Forum OpenACS Q&A: Response to Open ACS handling heavy traffic

Collapse
Posted by Don Baccus on
I'm working on scalability issues with permissions as we speak, and I think it is safe to say that OpenACS 4 will outperform ACS 4 Classic in this regard.  The LAUSD (Jon Griffin's employer) has already provided speed-ups for acs_permission.permission_p itself, and I'm poking around into the use of acs_party_privilege_map which is very slow in PostgreSQL and apparently not all that swift in Oracle, as well.

So this will remove one bottleneck.  What other bottlenecks will we uncover?  Hard to say.  As Jonathan mentioned, more information on the actual number of pages to be served is needed in order to give you feedback, and as was mentioned later caching can help a lot, too.  You can cache directly in AOLserver and perhaps have more fine-grained control over when to expunge cached pages than through the use of Squid or similar tools (only your code knows when a dynamic page changes, after all).

One thing we are working on is the provision of automated testing tools, and this includes load testing using scripts that "know" about the structure and perhaps usage profiles of a site.  This will give users the ability to drive development sites with input that more accurately reflects reality (by posting to bboards, etc) than is possible with a simpler tool than (say) apache bench.

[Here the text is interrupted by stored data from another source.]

lemma rank_ground_le: "r (ground m) \<le> m"
  using rank_le_card[of "ground m"] by (simp add: ground_def)

lemma indep_empty: "indep r {}"
  by (simp add: indep_def)

lemma rank_insert_le:
  assumes "insert e S \<subseteq> ground m" "e \<notin> S"
  shows "r (insert e S) \<le> r S + 1"
proof -
  have "r (S \<union> {e}) + r (S \<inter> {e}) \<le> r S + r {e}"
    using assms by (intro rank_submod) auto
  moreover have "r {e} \<le> 1" using rank_le_card[of "{e}"] assms by simp
  ultimately show ?thesis using assms(2) by simp
qed

lemma indep_insert_if_rank_increases:
  assumes S: "insert e S \<subseteq> ground m" and e: "e \<notin> S" and inc: "r (insert e S) = r S + 1"
    and I: "I \<subseteq> S" "indep r I" "card I = r S"
  shows "indep r (insert e I)"
proof -
  have "r (insert e I \<union> S) + r (insert e I \<inter> S) \<le> r (insert e I) + r S"
    using S I(1) by (intro rank_submod) auto
  moreover have "insert e I \<union> S = insert e S" "insert e I \<inter> S = I" using I(1) e by auto
  ultimately have "card I + 1 \<le> r (insert e I)" using inc I(2,3) by (simp add: indep_def)
  moreover have "r (insert e I) \<le> card (insert e I)" using S I(1) by (intro rank_le_card) auto
  moreover have "finite I" using S I(1) by (intro finite_subset_ground) auto
  moreover have "e \<notin> I" using I(1) e by blast
  ultimately show ?thesis by (simp add: indep_def)
qed

lemma indep_extend:
  assumes "finite T" "J \<union> T \<subseteq> ground m" "indep r J"
  shows "\<exists>I. J \<subseteq> I \<and> I \<subseteq> J \<union> T \<and> indep r I \<and> card I = r (J \<union> T)"
  using assms
proof (induction T rule: finite_induct)
  case empty
  then show ?case by (auto simp: indep_def)
next
  case (insert e T)
  then obtain I where I: "J \<subseteq> I" "I \<subseteq> J \<union> T" "indep r I" "card I = r (J \<union> T)"
    by blast
  show ?case
  proof (cases "e \<in> J \<union> T \<or> r (insert e (J \<union> T)) = r (J \<union> T)")
    case True
    then have "r (J \<union> insert e T) = r (J \<union> T)" by (auto simp: insert_absorb)
    then show ?thesis using I by auto
  next
    case False
    have S: "insert e (J \<union> T) \<subseteq> ground m" using insert.prems(1) by simp
    have "r (J \<union> T) \<le> r (insert e (J \<union> T))" using S by (intro rank_mono) auto
    moreover have "r (insert e (J \<union> T)) \<le> r (J \<union> T) + 1"
      using S False by (intro rank_insert_le) auto
    ultimately have inc: "r (insert e (J \<union> T)) = r (J \<union> T) + 1" using False by linarith
    have "finite I" using I(2) S by (intro finite_subset_ground) auto
    moreover have "e \<notin> I" using I(2) False by blast
    ultimately have "card (insert e I) = r (J \<union> insert e T)"
      using I(4) inc by simp
    moreover have "indep r (insert e I)"
      using S False inc I(2-4) by (intro indep_insert_if_rank_increases) auto
    ultimately show ?thesis using I(1,2) by (intro exI[of _ "insert e I"]) auto
  qed
qed

lemma indep_subset_of_rank:
  assumes "S \<subseteq> ground m"
  obtains I where "I \<subseteq> S" "indep r I" "card I = r S"
  using indep_extend[of S "{}"] assms finite_subset_ground indep_empty by auto

lemma indep_extend_basis:
  assumes "J \<subseteq> ground m" "indep r J"
  obtains B where "J \<subseteq> B" "B \<in> bases m r"
proof -
  obtain I where "J \<subseteq> I" "I \<subseteq> ground m" "indep r I" "card I = r (ground m)"
    using indep_extend[of "ground m" J] assms by (auto simp: Un_absorb1)
  then show ?thesis using that unfolding bases_def indep_def by auto
qed

lemma dependent_contains_circuit:
  assumes J: "J \<subseteq> ground m" "\<not> indep r J"
  obtains C where "C \<subseteq> J" "C \<in> circuits m r"
proof -
  let ?A = "{D. D \<subseteq> J \<and> \<not> indep r D}"
  have "finite ?A" using finite_subset_ground[OF J(1)] by (simp add: finite_Collect_subsets)
  then obtain C where C: "C \<in> ?A" and min: "\<And>D. D \<in> ?A \<Longrightarrow> D \<subseteq> C \<Longrightarrow> C = D"
    using finite_has_minimal2[of ?A J] J by auto
  have "indep r D" if "D \<subset> C" for D
    using min[of D] C that by blast
  then show ?thesis using that C J(1) unfolding circuits_def by auto
qed

lemma circuit_nonempty: "C \<in> circuits m r \<Longrightarrow> C \<noteq> {}"
  unfolding circuits_def using indep_empty by blast

lemma dim_eq_rank_if_same_independent_sets:
  assumes same: "\<And>J. J \<subseteq> ground m \<Longrightarrow> indep r J \<longleftrightarrow> independent_family col J"
    and S: "S \<subseteq> ground m"
  shows "V2.dim (col ` S) = r S"
proof (rule antisym)
  have fin: "finite S" using S by (rule finite_subset_ground)
  obtain Bs where Bs: "Bs \<subseteq> col ` S" "V2.independent Bs" "col ` S \<subseteq> V2.span Bs"
    "card Bs = V2.dim (col ` S)"
    by (rule V2.basis_exists)
  obtain J where J: "J \<subseteq> S" "inj_on col J" "Bs = col ` J"
    using Bs(1) unfolding subset_image_inj by blast
  have "independent_family col J"
    using J Bs(2) finite_subset[OF J(1) fin] by (intro independent_imp_independent_family) auto
  then have "r J = card J" using same J(1) S by (simp add: indep_def)
  also have "\<dots> = V2.dim (col ` S)" using J(2,3) Bs(4) by (simp add: card_image)
  finally show "V2.dim (col ` S) \<le> r S" using rank_mono[OF J(1) S] by simp
next
  obtain I where I: "I \<subseteq> S" "indep r I" "card I = r S"
    using indep_subset_of_rank[OF S] .
  have fin: "finite S" using S by (rule finite_subset_ground)
  have "V2.dim (col ` I) = card I"
    using same I S finite_subset[OF I(1) fin] by (simp add: independent_family_iff_dim)
  moreover have "V2.dim (col ` I) \<le> V2.dim (col ` S)"
    using I(1) fin by (intro V2_dim_subset_finite) auto
  ultimately show "r S \<le> V2.dim (col ` S)" using I(3) by simp
qed

end

lemma UNIV_bit: "(UNIV :: bit set) = {0, 1}"
  by (auto intro: bit.exhaust)

lemma finite_card_supported_functions:
  assumes "finite B"
  shows "finite {z :: nat \<Rightarrow> bit. \<forall>j. j \<notin> B \<longrightarrow> z j = 0}"
    and "card {z :: nat \<Rightarrow> bit. \<forall>j. j \<notin> B \<longrightarrow> z j = 0} = 2 ^ card B"
proof -
  let ?Z = "{z :: nat \<Rightarrow> bit. \<forall>j. j \<notin> B \<longrightarrow> z j = 0}"
  have "bij_betw (\<lambda>z. restrict z B) ?Z (B \<rightarrow>\<^sub>E UNIV)"
  proof (rule bij_betwI')
    fix z z' assume "z \<in> ?Z" "z' \<in> ?Z"
    then show "(restrict z B = restrict z' B) = (z = z')"
      by (auto simp: fun_eq_iff restrict_def) metis
  next
    fix f :: "nat \<Rightarrow> bit" assume f: "f \<in> B \<rightarrow>\<^sub>E UNIV"
    show "\<exists>z\<in>?Z. f = restrict z B"
      using f by (intro bexI[of _ "\<lambda>j. if j \<in> B then f j else 0"]) (auto simp: fun_eq_iff)
  qed simp
  moreover have "finite (B \<rightarrow>\<^sub>E (UNIV :: bit set))" "card (B \<rightarrow>\<^sub>E (UNIV :: bit set)) = 2 ^ card B"
    using assms by (simp_all add: finite_PiE card_PiE UNIV_bit numeral_2_eq_2)
  ultimately show "finite ?Z" "card ?Z = 2 ^ card B"
    by (simp_all add: bij_betw_finite bij_betw_same_card)
qed

lemma lin_eval_add: "lin_eval N h (w + w') = lin_eval N h w + lin_eval N h w'"
  by (simp add: lin_eval_def distrib_left sum.distrib)

lemma encode_add: "encode N l L (w + w') = encode N l L w + encode N l L w'"
  by (simp add: encode_def fun_eq_iff distrib_left sum.distrib)

lemma sum_lessThan_add: "(\<Sum>s<m + k. g s) = (\<Sum>s<m. g s) + (\<Sum>i<k. g (m + i))"
  for g :: "nat \<Rightarrow> 'a::comm_monoid_add"
  by (induction k) (simp_all add: add.assoc)

lemma unit_vec_times: "unit_vec a s * x = (if s = a then x else 0)"
  by (simp add: unit_vec_def)

lemma lin_eval_indic: "D \<subseteq> {..<N} \<Longrightarrow> lin_eval N (indic D) w = (\<Sum>j\<in>D. w j)"
  by (simp add: lin_eval_def indic_def if_distrib if_distribR sum.If_cases Int_absorb1)

lemma lin_eval_unit_vec: "a < N \<Longrightarrow> lin_eval N (unit_vec a) w = w a"
  using lin_eval_indic[of "{a}" N w] by (simp add: unit_vec_def indic_def)

lemma is_index_code_iff_kernel:
  "is_index_code N R l L \<longleftrightarrow>
     (\<forall>(d, H) \<in> R. \<forall>w. (\<forall>h\<in>H. lin_eval N h w = 0) \<longrightarrow> encode N l L w = 0 \<longrightarrow> w d = 0)"
proof
  assume "is_index_code N R l L"
  show "\<forall>(d, H) \<in> R. \<forall>w. (\<forall>h\<in>H. lin_eval N h w = 0) \<longrightarrow> encode N l L w = 0 \<longrightarrow> w d = 0"
  proof (intro ballI allI impI, clarify)
    fix d H w
    assume "(d, H) \<in> R"
    then obtain g where g: "\<And>w. g (known N H w) (encode N l L w) = w d"
      using \<open>is_index_code N R l L\<close> unfolding is_index_code_def by blast
    assume "\<forall>h\<in>H. lin_eval N h w = 0" "encode N l L w = 0"
    then have "known N H w = known N H 0" "encode N l L w = encode N l L 0"
      by (auto simp: known_def fun_eq_iff lin_eval_def encode_def)
    then show "w d = 0" using g[of w] g[of 0] by simp
  qed
next
  assume ker: "\<forall>(d, H) \<in> R. \<forall>w. (\<forall>h\<in>H. lin_eval N h w = 0) \<longrightarrow> encode N l L w = 0 \<longrightarrow> w d = 0"
  show "is_index_code N R l L"
    unfolding is_index_code_def
  proof clarify
    fix d H assume dH: "(d, H) \<in> R"
    define g where "g kn c = (SOME w'. known N H w' = kn \<and> encode N l L w' = c) d" for kn c
    have "g (known N H w) (encode N l L w) = w d" for w
    proof -
      define w' where "w' = (SOME w'. known N H w' = known N H w \<and> encode N l L w' = encode N l L w)"
      have "known N H w' = known N H w \<and> encode N l L w' = encode N l L w"
        unfolding w'_def by (rule someI[of _ w]) simp
      then have "\<forall>h\<in>H. lin_eval N h (w + w') = 0" "encode N l L (w + w') = 0"
        unfolding known_def lin_eval_add encode_add
        by (metis (full_types) bit_add_eq_0_iff, simp add: fun_eq_iff bit_add_eq_0_iff)
      then have "(w + w') d = 0" using ker dH by blast
      then show ?thesis by (simp add: g_def w'_def[symmetric] bit_add_eq_0_iff)
    qed
    then show "\<exists>g. \<forall>w. g (known N H w) (encode N l L w) = w d" by blast
  qed
qed

definition code_kernel :: "nat \<Rightarrow> nat \<Rightarrow> (nat \<Rightarrow> nat \<Rightarrow> bit) \<Rightarrow> (nat \<Rightarrow> bit) set" where
  "code_kernel N l L = {w. (\<forall>s. s \<notin> {..<N} \<longrightarrow> w s = 0) \<and> encode N l L w = 0}"

lemma finite_code_kernel: "finite (code_kernel N l L)"
  unfolding code_kernel_def
  by (rule finite_subset[OF _ finite_card_supported_functions(1)[of "{..<N}"]]) auto

lemma code_kernel_add:
  "w \<in> code_kernel N l L \<Longrightarrow> w' \<in> code_kernel N l L \<Longrightarrow> w + w' \<in> code_kernel N l L"
  unfolding code_kernel_def by (simp add: encode_add)

text \<open>Each fibre of the encoding map is a translate of the kernel.\<close>

lemma card_code_kernel: "2 ^ N \<le> 2 ^ l * card (code_kernel N l L)"
proof -
  let ?D = "{w :: nat \<Rightarrow> bit. \<forall>s. s \<notin> {..<N} \<longrightarrow> w s = 0}"
  let ?E = "{c :: nat \<Rightarrow> bit. \<forall>t. t \<notin> {..<l} \<longrightarrow> c t = 0}"
  let ?K = "code_kernel N l L"
  let ?F = "\<lambda>c. {w \<in> ?D. encode N l L w = c}"
  have fin_D: "finite ?D" and fin_E: "finite ?E"
    using finite_card_supported_functions(1) by blast+
  have fibre: "card (?F c) \<le> card ?K" for c
  proof (cases "?F c = {}")
    case False
    then obtain w0 where w0: "w0 \<in> ?F c" by blast
    have "?F c \<subseteq> (\<lambda>w. w + w0) ` ?K"
    proof
      fix w assume "w \<in> ?F c"
      then have "w + w0 \<in> ?K" "w = (w + w0) + w0"
        using w0 by (auto simp: code_kernel_def encode_add fun_eq_iff add.assoc)
      then show "w \<in> (\<lambda>w. w + w0) ` ?K" by blast
    qed
    then have "card (?F c) \<le> card ((\<lambda>w. w + w0) ` ?K)"
      using finite_code_kernel by (intro card_mono) auto
    also have "\<dots> \<le> card ?K" using finite_code_kernel by (rule card_image_le)
    finally show ?thesis .
  qed (simp only: card.empty)
  have "?D \<subseteq> (\<Union>c\<in>?E. ?F c)" by (auto simp: encode_def)
  then have "card ?D \<le> card (\<Union>c\<in>?E. ?F c)"
    using fin_D fin_E by (intro card_mono) auto
  also have "\<dots> \<le> (\<Sum>c\<in>?E. card (?F c))" using fin_E by (rule card_UN_le)
  also have "\<dots> \<le> card ?E * card ?K" using sum_bounded_above[of ?E, OF fibre] by simp
  finally show ?thesis
    using finite_card_supported_functions(2)[of "{..<N}"] finite_card_supported_functions(2)[of "{..<l}"]
    by simp
qed

lemma receivers_cases:
  assumes "(d, H) \<in> receivers m r k"
  obtains (R1) i B where "d = m + i" "H = unit_vec ` B" "i < k" "B \<in> bases m r"
    | (R2) C where "C \<in> circuits m r" "d \<in> C" "H = {indic (C - {d})}"
    | (R3) "d < m" "H = unit_vec ` {m..<m+k}"
  using assms unfolding receivers_def R1_def R2_def R3_def by blast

I realize none of this answers your question directly.  In part that's because I think the scalability issue for [Open]ACS 4 has yet to be answered - I'm outlining the steps we're taking to boost performance and to enhance our ability to test performance (and correctness) later.

One point of reference for OpenACS 3.2 ... this site right here withstood a slashdotting when running PostgreSQL 6.5 on a single dual-processor PII 400 box.